This sort of algorithm is not what GHC has been taught to optimise well, there are bigger fish to fry elsewhere before the limited manpower is put into these optimisations.

The problem why list fusion can't work here is actually rather subtle. Say we define the right RULE to fuse the list away:

import GHC.Base
sum2 :: Num a => [a] -> a
sum2 = sum
{-# NOINLINE [1] sum2 #-}
{-# RULES "sum" forall (f :: forall b. (a->b->b)->b->b).
                sum2 (build f) = f (+) 0 #-}

(The short explanation is that we define sum2 as an alias of sum, which we forbid GHC to inline early, so the RULE has a chance to fire before sum2 gets eliminated. Then we look for sum2 directly next to the list-builder build (see definition) and replace it by direct arithmetic.)

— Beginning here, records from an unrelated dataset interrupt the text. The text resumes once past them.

text \<open>Standard Young tableaux of shape lam: bijective fillings of the cells with
  1..|lam|, strictly increasing along rows and down columns (zero outside the diagram,
  so that each tableau is a unique function).\<close>

definition syt :: "nat list \<Rightarrow> ((nat \<times> nat) \<Rightarrow> nat) set" where
  "syt lam = {T. bij_betw T (young_diagram lam) {1..sum_list lam}
      \<and> (\<forall>x. x \<notin> young_diagram lam \<longrightarrow> T x = 0)
      \<and> (\<forall>i j. (i, Suc j) \<in> young_diagram lam \<longrightarrow> T (i, j) < T (i, Suc j))
      \<and> (\<forall>i j. (Suc i, j) \<in> young_diagram lam \<longrightarrow> T (i, j) < T (Suc i, j))}"

definition num_syt :: "nat list \<Rightarrow> nat" where
  "num_syt lam = card (syt lam)"

definition rho :: "nat list \<Rightarrow> real" where
  "rho lam = (\<Sum>i<length lam. real (lam ! i) * (real (lam ! i) - 2 * real (i + 1) + 1)) / 2"

definition lam_abcd :: "nat \<Rightarrow> nat \<Rightarrow> nat \<Rightarrow> nat \<Rightarrow> nat list" where
  "lam_abcd a b c d = [a, c + 1] @ replicate d 2 @ replicate (b - d - 1) 1"

end

theory Submission
  imports Defs Complex_Main
begin

text \<open>The largest entry of a standard tableau sits in a corner, and deleting it gives the
  branching rule: the number of standard tableaux of a shape is the sum, over its corners,
  of the number for the shape with that corner removed. The corners of
  a (c+1) 2^d 1^(b-d-1) decrease exactly one of a, c, d, b, so the count obeys a four-term
  recurrence. The closed formula obeys the same recurrence, by a rational-function identity,
  and it vanishes where a branch is missing (a = c or b = d); the one exception is the
  corner of the second row when c = 1, d = 0, which leads to a hook a 1^b counted by a
  binomial coefficient.\<close>

section \<open>Removing corners of a Young diagram\<close>

definition shrink_row :: "nat list \<Rightarrow> nat \<Rightarrow> nat list" where
  "shrink_row lam i = lam[i := lam ! i - 1]"

definition is_corner :: "nat list \<Rightarrow> nat \<Rightarrow> bool" where
  "is_corner lam i \<longleftrightarrow>
     i < length lam \<and> 0 < lam ! i \<and> (Suc i < length lam \<longrightarrow> lam ! Suc i < lam ! i)"

abbreviation corner_cell :: "nat list \<Rightarrow> nat \<Rightarrow> nat \<times> nat" where
  "corner_cell lam i \<equiv> (i, lam ! i - 1)"

lemma young_diagram_shrink_row:
  "i < length lam \<Longrightarrow> 0 < lam ! i \<Longrightarrow>
   young_diagram (shrink_row lam i) = young_diagram lam - {corner_cell lam i}"
  by (auto simp: young_diagram_def shrink_row_def nth_list_update split: if_splits)

lemma sum_list_shrink_row:
  "i < length lam \<Longrightarrow> 0 < lam ! i \<Longrightarrow> sum_list (shrink_row lam i) = sum_list lam - 1"
  unfolding shrink_row_def using sum_list_update[of i lam] elem_le_sum_list[of i lam] by simp

lemma finite_young_diagram: "finite (young_diagram lam)"
proof -
  have "young_diagram lam = Sigma {..<length lam} (\<lambda>i. {..<lam ! i})"
    by (auto simp: young_diagram_def)
  then show ?thesis by simp
qed

lemma finite_syt: "finite (syt lam)"
proof -
  have "syt lam \<subseteq> {T. \<forall>x. (x \<in> young_diagram lam \<longrightarrow> T x \<in> {1..sum_list lam}) \<and>
                         (x \<notin> young_diagram lam \<longrightarrow> T x = 0)}"
    by (auto simp: syt_def bij_betw_def)
  moreover have "finite \<dots>"
    by (rule finite_set_of_finite_funs) (auto simp: finite_young_diagram)
  ultimately show ?thesis by (rule finite_subset)
qed

lemma sytD:
  assumes "T \<in> syt lam"
  shows syt_bij: "bij_betw T (young_diagram lam) {1..sum_list lam}"
    and syt_outside: "x \<notin> young_diagram lam \<Longrightarrow> T x = 0"
    and syt_row: "(i, Suc j) \<in> young_diagram lam \<Longrightarrow> T (i, j) < T (i, Suc j)"
    and syt_col: "(Suc i, j) \<in> young_diagram lam \<Longrightarrow> T (i, j) < T (Suc i, j)"
  using assms unfolding syt_def by (cases x; auto)+

lemma syt_le_sum_list:
  assumes "T \<in> syt lam" shows "T x \<le> sum_list lam"
proof (cases "x \<in> young_diagram lam")
  case True
  then have "T x \<in> {1..sum_list lam}" using syt_bij[OF assms] by (auto simp: bij_betw_def)
  then show ?thesis by simp
qed (simp add: syt_outside[OF assms])

lemma syt_max_entry_in_corner:
  assumes T: "T \<in> syt lam" and pos: "0 < sum_list lam"
  obtains i where "is_corner lam i" "T (corner_cell lam i) = sum_list lam"
proof -
  let ?n = "sum_list lam"
  have "?n \<in> T ` young_diagram lam" using syt_bij[OF T] pos by (auto simp: bij_betw_def)
  then obtain i j where ij: "i < length lam" "j < lam ! i" "T (i, j) = ?n"
    by (auto simp: young_diagram_def)
  have "j = lam ! i - 1"
  proof (rule ccontr)
    assume "j \<noteq> lam ! i - 1"
    then have "(i, Suc j) \<in> young_diagram lam" using ij by (simp add: young_diagram_def)
    then have "T (i, j) < T (i, Suc j)" by (rule syt_row[OF T])
    then show False using ij syt_le_sum_list[OF T, of "(i, Suc j)"] by simp
  qed
  moreover have "lam ! Suc i < lam ! i" if "Suc i < length lam"
  proof (rule ccontr)
    assume "\<not> lam ! Suc i < lam ! i"
    then have "(Suc i, j) \<in> young_diagram lam" using ij that by (simp add: young_diagram_def)
    then have "T (i, j) < T (Suc i, j)" by (rule syt_col[OF T])
    then show False using ij syt_le_sum_list[OF T, of "(Suc i, j)"] by simp
  qed
  ultimately show thesis using ij by (intro that[of i]) (auto simp: is_corner_def)
qed

lemma syt_delete_max:
  assumes T: "T \<in> syt lam" and corner: "is_corner lam i"
    and max: "T (corner_cell lam i) = sum_list lam"
  shows "T(corner_cell lam i := 0) \<in> syt (shrink_row lam i)"
proof -
  let ?x = "corner_cell lam i" and ?n = "sum_list lam" and ?D = "young_diagram lam"
  have i: "i < length lam" "0 < lam ! i" using corner by (auto simp: is_corner_def)
  then have "0 < ?n" using elem_le_sum_list[of i lam] by linarith
  have "bij_betw T (?D - {?x}) ({1..?n} - {?n})"
    using syt_bij[OF T] max i \<open>0 < ?n\<close> by (intro bij_betw_DiffI) (auto simp: young_diagram_def)
  moreover have "{1..?n} - {?n} = {1..?n - 1}" by auto
  ultimately have "bij_betw T (?D - {?x}) {1..?n - 1}" by simp
  then have "bij_betw (T(?x := 0)) (?D - {?x}) {1..?n - 1}"
    by (rule bij_betw_cong[THEN iffD1, rotated]) auto
  moreover have "(T(?x := 0)) (i', j) < (T(?x := 0)) (i', Suc j)"
    if "(i', Suc j) \<in> ?D - {?x}" for i' j
  proof -
    have "(i', j) \<noteq> ?x" using that by (auto simp: young_diagram_def)
    moreover have "T (i', j) < T (i', Suc j)" using syt_row[OF T] that by simp
    ultimately show ?thesis using that by (metis DiffE fun_upd_other singletonI)
  qed
  moreover have "(T(?x := 0)) (i', j) < (T(?x := 0)) (Suc i', j)"
    if "(Suc i', j) \<in> ?D - {?x}" for i' j
  proof -
    have "(i', j) \<noteq> ?x" using that corner by (auto simp: young_diagram_def is_corner_def)
    moreover have "T (i', j) < T (Suc i', j)" using syt_col[OF T] that by simp
    ultimately show ?thesis using that by (metis DiffE fun_upd_other singletonI)
  qed
  moreover have "(T(?x := 0)) y = 0" if "y \<notin> ?D - {?x}" for y
    using syt_outside[OF T, of y] that by (cases "y = ?x") auto
  moreover have "young_diagram (shrink_row lam i) = ?D - {?x}"
    and "sum_list (shrink_row lam i) = ?n - 1"
    using i by (simp_all add: young_diagram_shrink_row sum_list_shrink_row)
  ultimately show ?thesis unfolding syt_def mem_Collect_eq by simp
qed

This has mixed success, as it yields the following Core:

Main.$wgo =
  \ (w_s1T4 :: GHC.Prim.Int#) ->
    case GHC.Prim.remInt# w_s1T4 2 of _ {
      __DEFAULT ->
        case w_s1T4 of wild_Xg {
          __DEFAULT -> Main.$wgo (GHC.Prim.+# wild_Xg 1);
          15000000 -> 0
      0 ->
        case w_s1T4 of wild_Xg {
          __DEFAULT ->
            case Main.$wgo (GHC.Prim.+# wild_Xg 1) of ww_s1T7 { __DEFAULT ->
            GHC.Prim.+# wild_Xg ww_s1T7
          15000000 -> 15000000

Which is nice, completely fused code - with the sole problem that we have a call to $wgo in a non-tail-call position. This means that we aren't looking at a loop, but actually at a deeply recursive function, with predictable program results:

Stack space overflow: current size 8388608 bytes.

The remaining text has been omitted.